I realize I must have learned the basics at some point, although I don’t remember it. And I remember learning many more advanced concepts during the many years since. But for both the basics and the advanced subjects, I never experienced anything I can compare to what I’d call “learning” in other subjects I studied.
When programming, if I see/read something new, I may need some time (seconds or hours) to understand it, then once I do, I can use it. It is cognitively very similar to seeing a new room for the first time. It’s novel, but I understand it intuitively and in most cases quickly.
When I studied e.g. biology or math at university, I had to deliberately memorize, to solve exercises before understanding the “real thing”, to accept that some things I could describe I couldn’t duplicate by building them from scratch no matter how much time I had and what materials and tools. This never happened to me in programming. I may not fully understand the domain problem that the program is manipulating. But I always understand the program itself.

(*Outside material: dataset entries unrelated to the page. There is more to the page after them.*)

lemma uniformly_lipschitz_imp_uniform_limit_subseq:
  fixes f :: "nat \<Rightarrow> 'a::euclidean_space \<Rightarrow> 'b::{real_normed_vector,heine_borel}"
  assumes "compact S" and bounded: "\<And>n x. x \<in> S \<Longrightarrow> norm (f n x) \<le> M"
    and lip: "\<And>n x y. x \<in> S \<Longrightarrow> y \<in> S \<Longrightarrow> norm (f n x - f n y) \<le> L * norm (x - y)"
  obtains g and r :: "nat \<Rightarrow> nat" where "continuous_on S g" "strict_mono r"
    "uniform_limit S (\<lambda>n. f (r n)) g sequentially"
proof -
  have equicont: "\<exists>d>0. \<forall>n y. y \<in> S \<and> norm (x - y) < d \<longrightarrow> norm (f n x - f n y) < e"
    if "x \<in> S" "0 < e" for x e
  proof (intro exI[of _ "e / (\<bar>L\<bar> + 1)"] conjI allI impI)
    show "0 < e / (\<bar>L\<bar> + 1)" using \<open>0 < e\<close> by simp
    fix n y assume y: "y \<in> S \<and> norm (x - y) < e / (\<bar>L\<bar> + 1)"
    have "norm (f n x - f n y) \<le> L * norm (x - y)"
      using lip \<open>x \<in> S\<close> y by blast
    also have "\<dots> \<le> (\<bar>L\<bar> + 1) * norm (x - y)"
      by (intro mult_right_mono) auto
    also have "\<dots> < e"
      using y by (simp add: pos_less_divide_eq mult.commute)
    finally show "norm (f n x - f n y) < e" .
  qed
  obtain g and r :: "nat \<Rightarrow> nat" where "continuous_on S g" "strict_mono r"
    and conv: "\<And>e. 0 < e \<Longrightarrow> \<exists>N. \<forall>n x. n \<ge> N \<and> x \<in> S \<longrightarrow> norm (f (r n) x - g x) < e"
  proof (rule Arzela_Ascoli[OF \<open>compact S\<close>])
    show "norm (f n x) \<le> M" if "x \<in> S" for n x using bounded that .
    show "\<exists>d. 0 < d \<and> (\<forall>n y. y \<in> S \<and> norm (x - y) < d \<longrightarrow> norm (f n x - f n y) < e)"
      if "x \<in> S" "0 < e" for x e using equicont[OF that] by blast
  qed (rule that)
  moreover have "uniform_limit S (\<lambda>n. f (r n)) g sequentially"
    unfolding uniform_limit_sequentially_iff dist_norm using conv by fastforce
  ultimately show thesis using that by blast
qed

lemma uniformly_lipschitz_imp_common_convergent_subseq:
  fixes f :: "nat \<Rightarrow> 'a::euclidean_space \<Rightarrow> 'b::{real_normed_vector,heine_borel}"
    and a :: "nat \<Rightarrow> 'c::metric_space"
  assumes "compact S" and bounded: "\<And>n x. x \<in> S \<Longrightarrow> norm (f n x) \<le> M"
    and lip: "\<And>n x y. x \<in> S \<Longrightarrow> y \<in> S \<Longrightarrow> norm (f n x - f n y) \<le> L * norm (x - y)"
    and "compact K" "\<And>n. a n \<in> K"
  obtains r :: "nat \<Rightarrow> nat" and g l where "strict_mono r" "continuous_on S g"
    "uniform_limit S (\<lambda>n. f (r n)) g sequentially" "l \<in> K" "(\<lambda>n. a (r n)) \<longlonglongrightarrow> l"
proof -
  obtain g and r1 :: "nat \<Rightarrow> nat" where g: "continuous_on S g" "strict_mono r1"
    and f_lim: "uniform_limit S (\<lambda>n. f (r1 n)) g sequentially"
  proof (rule uniformly_lipschitz_imp_uniform_limit_subseq[OF \<open>compact S\<close>])
    show "norm (f n x) \<le> M" if "x \<in> S" for n x using bounded that .
    show "norm (f n x - f n y) \<le> L * norm (x - y)" if "x \<in> S" "y \<in> S" for n x y
      using lip that .
  qed (rule that)
  have "\<forall>n. a (r1 n) \<in> K" using assms(5) by blast
  then obtain l and r2 :: "nat \<Rightarrow> nat" where "l \<in> K" "strict_mono r2"
    and a_lim: "((\<lambda>n. a (r1 n)) \<circ> r2) \<longlonglongrightarrow> l"
    by (rule seq_compactE[OF compact_imp_seq_compact[OF \<open>compact K\<close>]]) (rule that)
  have "uniform_limit S (\<lambda>n. f (r1 (r2 n))) g sequentially"
    using filterlim_compose[OF f_lim filterlim_subseq[OF \<open>strict_mono r2\<close>]] by simp
  moreover have "strict_mono (r1 \<circ> r2)" using g(2) \<open>strict_mono r2\<close> by (rule strict_mono_o)
  ultimately show thesis
    using that[of "r1 \<circ> r2"] g(1) \<open>l \<in> K\<close> a_lim by (simp add: o_def)
qed

lemma neumann_C2_continuous_on: "neumann_C2 u u1 u2 \<Longrightarrow> continuous_on {0..1} u"
  unfolding neumann_C2_def using DERIV_continuous_on by blast

lemma neumann_C2_continuous_on_deriv: "neumann_C2 u u1 u2 \<Longrightarrow> continuous_on {0..1} u1"
  unfolding neumann_C2_def by blast

lemma neumann_C2_has_derivative:
  "neumann_C2 u u1 u2 \<Longrightarrow> x \<in> {0<..<1} \<Longrightarrow> (u has_real_derivative u1 x) (at x)"
  unfolding neumann_C2_def
  by (metis at_within_Icc_at greaterThanLessThan_iff atLeastAtMost_iff less_imp_le)

lemma neumann_C2_has_second_derivative:
  "neumann_C2 u u1 u2 \<Longrightarrow> x \<in> {0<..<1} \<Longrightarrow> (u1 has_real_derivative u2 x) (at x)"
  unfolding neumann_C2_def by blast

lemma neumann_C2_boundary: "neumann_C2 u u1 u2 \<Longrightarrow> u1 0 = 0 \<and> u1 1 = 0"
  unfolding neumann_C2_def by blast

lemma neumann_C2_diff:
  assumes "neumann_C2 u u1 u2" "neumann_C2 v v1 v2"
  shows "neumann_C2 (\<lambda>x. u x - v x) (\<lambda>x. u1 x - v1 x) (\<lambda>x. u2 x - v2 x)"
  using assms unfolding neumann_C2_def by (auto intro!: DERIV_diff continuous_on_diff)

lemma neumann_C2_minus:
  "neumann_C2 u u1 u2 \<Longrightarrow> neumann_C2 (\<lambda>x. - u x) (\<lambda>x. - u1 x) (\<lambda>x. - u2 x)"
  unfolding neumann_C2_def by (auto intro!: DERIV_minus continuous_on_minus)

lemma neumann_C2_lipschitz:
  assumes "neumann_C2 u u1 u2"
  obtains L where "0 \<le> L" "\<And>x y. x \<in> {0..1} \<Longrightarrow> y \<in> {0..1} \<Longrightarrow> \<bar>u x - u y\<bar> \<le> L * \<bar>x - y\<bar>"
proof -
  obtain L where L: "\<And>x. x \<in> {0..1} \<Longrightarrow> \<bar>u1 x\<bar> \<le> L"
    using compact_imp_bounded[OF compact_continuous_image[OF neumann_C2_continuous_on_deriv[OF assms]
        compact_Icc]]
    by (force simp: bounded_real)
  have "\<bar>u x - u y\<bar> \<le> L * \<bar>x - y\<bar>" if "x \<in> {0..1}" "y \<in> {0..1}" for x y
    using assms that L unfolding neumann_C2_def by (intro lipschitz_of_derivative_bound) auto
  moreover have "0 \<le> L" using L[of 0] by simp
  ultimately show thesis using that by blast
qed
(* Let $(\mathfrak g,\mu,P)$ be a Nijenhuis Lie algebra and $(M,P_M)$ a Nijenhuis representation over it, and let $\iota:\mathrm C^\bullet_{\mathrm{NjL}}(\mathfrak g,M)\hookrightarrow\mathrm C^\bullet_{\mathrm{NjL}}(\mathfrak g\ltimes M)$ be the embedding described below. Then the image $\mathrm{Im}(\iota)$ is a subcomplex of $(\mathrm C^\bullet_{\mathrm{NjL}}(\mathfrak g\ltimes M),\delta_{\mathrm{NjL}})$.
   Context: All vector spaces are over a field $\mathbf k$ of characteristic $0$. A Nijenhuis Lie algebra is a Lie algebra $(\mathfrak g,\mu=[-,-]_\mu)$ with linear $P$ satisfying $[Pa,Pb]_\mu=P([Pa,b]_\mu+[a,Pb]_\mu-P[a,b]_\mu)$; a Nijenhuis representation is a representation $M$ of $(\mathfrak g,\mu)$ with linear $P_M$ such that $P(a)P_M(x)=P_M(P(a)x+aP_M(x)-P_M(ax))$. The semidirect product $\mathfrak g\ltimes M$ is $\mathfrak g\oplus M$ with bracket $[(a,x),(b,y)]=([a,b]_\mu,ay-bx)$; with the operator $P\oplus P_M$ it is a Nijenhuis Lie algebra (and hence a Nijenhuis representation over itself via the adjoint action). For a Nijenhuis Lie algebra $\mathfrak h$ with Nijenhuis representation $N$ define: $\mathrm C^n_{\mathrm{Lie}}(\mathfrak h,N)=\mathrm{Hom}(\wedge^n\mathfrak h,N)$ with Chevalley–Eilenberg differential $\delta_{\mathrm{Lie},N}(f)(a_1,\dots,a_{n+1})=\sum_i(-1)^{i-1}a_if(\dots,\widehat{a_i},\dots)+\sum_{i<j}(-1)^{i+j}f([a_i,a_j],\dots,\widehat{a_i},\dots,\widehat{a_j},\dots)$; $\mathrm C^n_{\mathrm{NjO}}(\mathfrak h,N)=\mathrm{Hom}(\wedge^n\mathfrak h,N)$ with $\delta_{\mathrm{NjO},N}(f)=-P_N\circ\delta_{\mathrm{Lie},N}(f)+\partial(f)$, where $\partial(f)(a_1,\dots,a_{n+1})=\sum_i(-1)^{i-1}P(a_i)f(\dots,\widehat{a_i},\dots)+\sum_{i<j}(-1)^{i+j}f([a_i,a_j]_P,\dots,\widehat{a_i},\dots,\widehat{a_j},\dots)$ and $[a,b]_P=[Pa,b]+[a,Pb]-P[a,b]$; $\Psi_N:\mathrm C^\bullet_{\mathrm{Lie}}\to\mathrm C^\bullet_{\mathrm{NjO}}$ is $\mathrm{Id}_N$ in degree $0$ and $\Psi_N(f)(a_1,\dots,a_n)=\sum_{k=0}^n\sum_{i_1<\dots<i_k}(-1)^{n-k}P_N^{n-k}f(a_1,\dots,Pa_{i_1},\dots,Pa_{i_k},\dots,a_n)$. The complex $\mathrm C^\bullet_{\mathrm{NjL}}(\mathfrak h,N)$ has $\mathrm C^0_{\mathrm{NjL}}=\mathrm C^0_{\mathrm{Lie}}(\mathfrak h,N)$, $\mathrm C^n_{\mathrm{NjL}}=\mathrm C^n_{\mathrm{Lie}}(\mathfrak h,N)\oplus\mathrm C^{n-1}_{\mathrm{NjO}}(\mathfrak h,N)$ for $n\ge1$, and $\delta_{\mathrm{NjL},N}(f,g)=(\delta_{\mathrm{Lie},N}(f),-\Psi_N(f)-\delta_{\mathrm{NjO},N}(g))$. $\mathrm C^\bullet_{\mathrm{NjL}}(\mathfrak g\ltimes M)$ with differential $\delta_{\mathrm{NjL}}$ denotes this complex for $\mathfrak h=N=\mathfrak g\ltimes M$ (adjoint). The embedding $\iota$ sends a map $f:\wedge^n\mathfrak g\to M$ to $\bar f:\wedge^n(\mathfrak g\oplus M)\to\mathfrak g\oplus M$, $\bar f((a_1,x_1),\dots,(a_n,x_n))=(0,f(a_1,\dots,a_n))$ (for $n=0$, $m\in M\mapsto(0,m)$), and $\iota(f,g)=(\bar f,\bar g)$. *)

theory Defs
  imports Complex_Main "HOL-Library.Product_Plus"
begin
lemma rho_ev_union:
  assumes "finite A" "finite B" "A \<inter> B = {}"
  shows "rho_ev (A \<union> B) = rho_ev A * tau_ev B + tau_ev A * rho_ev B + cross_ev A B + cross_ev B A"
proof -
  have "rho_ev (A \<union> B) = (\<Sum>i\<in>A. \<Sum>j\<in>A \<union> B - {i}. psibar_psi i j * tau_ev (A \<union> B - {i, j}))
      + (\<Sum>i\<in>B. \<Sum>j\<in>A \<union> B - {i}. psibar_psi i j * tau_ev (A \<union> B - {i, j}))"
    using assms by (simp add: rho_ev_def sum.union_disjoint)
  also have "(\<Sum>i\<in>A. \<Sum>j\<in>A \<union> B - {i}. psibar_psi i j * tau_ev (A \<union> B - {i, j})) = rho_ev A * tau_ev B + cross_ev A B"
    using assms by (simp add: rho_ev_union_row sum.distrib rho_ev_def cross_ev_def sum_distrib_right)
  also have "(\<Sum>i\<in>B. \<Sum>j\<in>A \<union> B - {i}. psibar_psi i j * tau_ev (A \<union> B - {i, j})) = rho_ev B * tau_ev A + cross_ev B A"
  proof -
    have "A \<union> B = B \<union> A" by auto
    moreover have "B \<inter> A = {}" using assms by auto
    ultimately show ?thesis
      using assms by (simp add: rho_ev_union_row sum.distrib rho_ev_def cross_ev_def sum_distrib_right)
  qed
  finally show ?thesis by (simp add: algebra_simps)
qed

lemma row_ev_mult_col_ev: "finite A \<Longrightarrow> finite B \<Longrightarrow> row_ev v A * col_ev v B = - (psibar_psi v v * cross_ev B A)"
proof -
  assume f: "finite A" "finite B"
  have "row_ev v A * col_ev v B = (\<Sum>j\<in>A. \<Sum>i\<in>B. (psibar_psi v j * psibar_psi i v) * (tau_ev (A - {j}) * tau_ev (B - {i})))"
    unfolding row_ev_def col_ev_def sum_product by (simp add: mult_ac)
  also have "\<dots> = (\<Sum>j\<in>A. \<Sum>i\<in>B. - (psibar_psi v v * (psibar_psi i j * (tau_ev (B - {i}) * tau_ev (A - {j})))))"
    by (intro sum.cong refl, subst psibar_psi_exchange[of v _ _ v]) (simp add: mult_ac)
  also have "\<dots> = (\<Sum>i\<in>B. \<Sum>j\<in>A. - (psibar_psi v v * (psibar_psi i j * (tau_ev (B - {i}) * tau_ev (A - {j})))))"
    by (rule sum.swap)
  also have "\<dots> = - (psibar_psi v v * cross_ev B A)"
    by (simp add: cross_ev_def sum_distrib_left sum_negf)
  finally show ?thesis .
qed

lemma col_ev_mult_row_ev: "finite A \<Longrightarrow> finite B \<Longrightarrow> col_ev v A * row_ev v B = - (psibar_psi v v * cross_ev A B)"
proof -
  have "col_ev v A * row_ev v B = (\<Sum>i\<in>A. \<Sum>j\<in>B. (psibar_psi i v * psibar_psi v j) * (tau_ev (A - {i}) * tau_ev (B - {j})))"
    by (simp add: row_ev_def col_ev_def sum_product mult_ac)
  also have "\<dots> = (\<Sum>i\<in>A. \<Sum>j\<in>B. - (psibar_psi v v * (psibar_psi i j * (tau_ev (A - {i}) * tau_ev (B - {j})))))"
    by (intro sum.cong refl, subst psibar_psi_exchange[of _ v v]) (simp add: mult_ac)
  also have "\<dots> = - (psibar_psi v v * cross_ev A B)"
    by (simp add: cross_ev_def sum_distrib_left sum_negf)
  finally show ?thesis .
qed

lemma row_ev_mult_row_ev: "row_ev v A * row_ev v B = 0"
proof -
  have "row_ev v A * row_ev v B = (\<Sum>i\<in>A. \<Sum>j\<in>B. (psibar_psi v i * psibar_psi v j) * (tau_ev (A - {i}) * tau_ev (B - {j})))"
    by (simp add: row_ev_def sum_product mult_ac)
  then show ?thesis by (simp add: psibar_psi_same_row)
qed

lemma col_ev_mult_col_ev: "col_ev v A * col_ev v B = 0"
proof -
  have "col_ev v A * col_ev v B = (\<Sum>i\<in>A. \<Sum>j\<in>B. (psibar_psi i v * psibar_psi j v) * (tau_ev (A - {i}) * tau_ev (B - {j})))"
    by (simp add: col_ev_def sum_product mult_ac)
  then show ?thesis by (simp add: psibar_psi_same_col)
qed

lemma psibar_psi_mult_row_ev: "psibar_psi v v * row_ev v A = 0"
  by (simp add: row_ev_def sum_distrib_left mult.assoc[symmetric] psibar_psi_same_row)

lemma psibar_psi_mult_col_ev: "psibar_psi v v * col_ev v A = 0"
  by (simp add: col_ev_def sum_distrib_left mult.assoc[symmetric] psibar_psi_same_col)

text \<open>Write \<open>A = A' \<union> {v}\<close>, \<open>B = B' \<union> {v}\<close> and expand both factors by \<open>f_ev_insert\<close>: all
  products of two terms through \<open>v\<close> vanish, except row-column products, which produce
  the cross terms of \<open>rho_ev (A' \<union> B')\<close>.\<close>

lemma f_ev_mult_one_common:
  assumes "finite A" "finite B" "A \<inter> B = {v}"
  shows "f_ev c A * f_ev d B = f_ev (c + d) (A \<union> B)"
proof -
  define A' where "A' = A - {v}"
  define B' where "B' = B - {v}"
  have vA: "v \<in> A" and vB: "v \<in> B" using assms by auto
  have A: "A = insert v A'" and B: "B = insert v B'" using vA vB by (auto simp: A'_def B'_def)
  have fA: "finite A'" "v \<notin> A'" and fB: "finite B'" "v \<notin> B'" using assms by (auto simp: A'_def B'_def)
  have dis: "A' \<inter> B' = {}" using assms by (auto simp: A'_def B'_def)
  have U: "A \<union> B = insert v (A' \<union> B')" using A B by auto
  have fU: "finite (A' \<union> B')" "v \<notin> A' \<union> B'" using fA fB by auto
  have "f_ev c A * f_ev d B = (tau_ev A' + psibar_psi v v * f_ev c A' - row_ev v A' - col_ev v A') * (tau_ev B' + psibar_psi v v * f_ev d B' - row_ev v B' - col_ev v B')"
    by (simp add: A B f_ev_insert fA fB)
  also have "\<dots> = tau_ev A' * tau_ev B' + psibar_psi v v * (f_ev d B' * tau_ev A' + f_ev c A' * tau_ev B' - cross_ev A' B' - cross_ev B' A')
     - (row_ev v A' * tau_ev B' + tau_ev A' * row_ev v B') - (col_ev v A' * tau_ev B' + tau_ev A' * col_ev v B')"
    by (rule mult_insert_forms) (simp_all add: psibar_psi_same_row psibar_psi_mult_row_ev psibar_psi_mult_col_ev row_ev_mult_row_ev col_ev_mult_col_ev row_ev_mult_col_ev col_ev_mult_row_ev fA fB)
  also have "\<dots> = f_ev (c + d) (A \<union> B)"
    unfolding U f_ev_insert[OF fU] using fA fB dis
    by (simp add: tau_ev_union sigma_ev_union rho_ev_union row_ev_union col_ev_union f_ev_def algebra_simps)
  finally show ?thesis .
qed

And yet I’ve seen people struggle to understand the most elementary concepts of programming, like, say, distinguishing between names and values. I’ve had to work with some pretty poor programmers, and had the official job of on-the-job mentoring newbies on two occasions. I know it can be very difficult to teach effectively, it can be very difficult to learn.
Given that I encountered a heavily preselected set of people, who were trying to make programming their main profession, it’s easy for me to believe that—at the extreme—for many people elementary programming is impossible to learn, period. And the same should apply to math and any other “abstract” subject for which biologically normal people don’t have dedicated thinking modules in their brains.
I’m not sure what you mean by understanding-complete, but remember that the turing-complete system is both the operator and any machinery they are manipulating.
So you are considering a man in a Chinese room to lack understanding?
Obviously the man in the Chinese room lacks understanding, by most common definitions of understanding. It is the room as a system which understands Chinese. (Assuming lookup tables can understand. By functional definitions, they should be able to.)
But with a person it becomes a bit more complicated because it depends on what we are referring to when we say their name. I was trying to make an allusion to Blindsight.
It means you could, in theory, run an AI on them (slowly).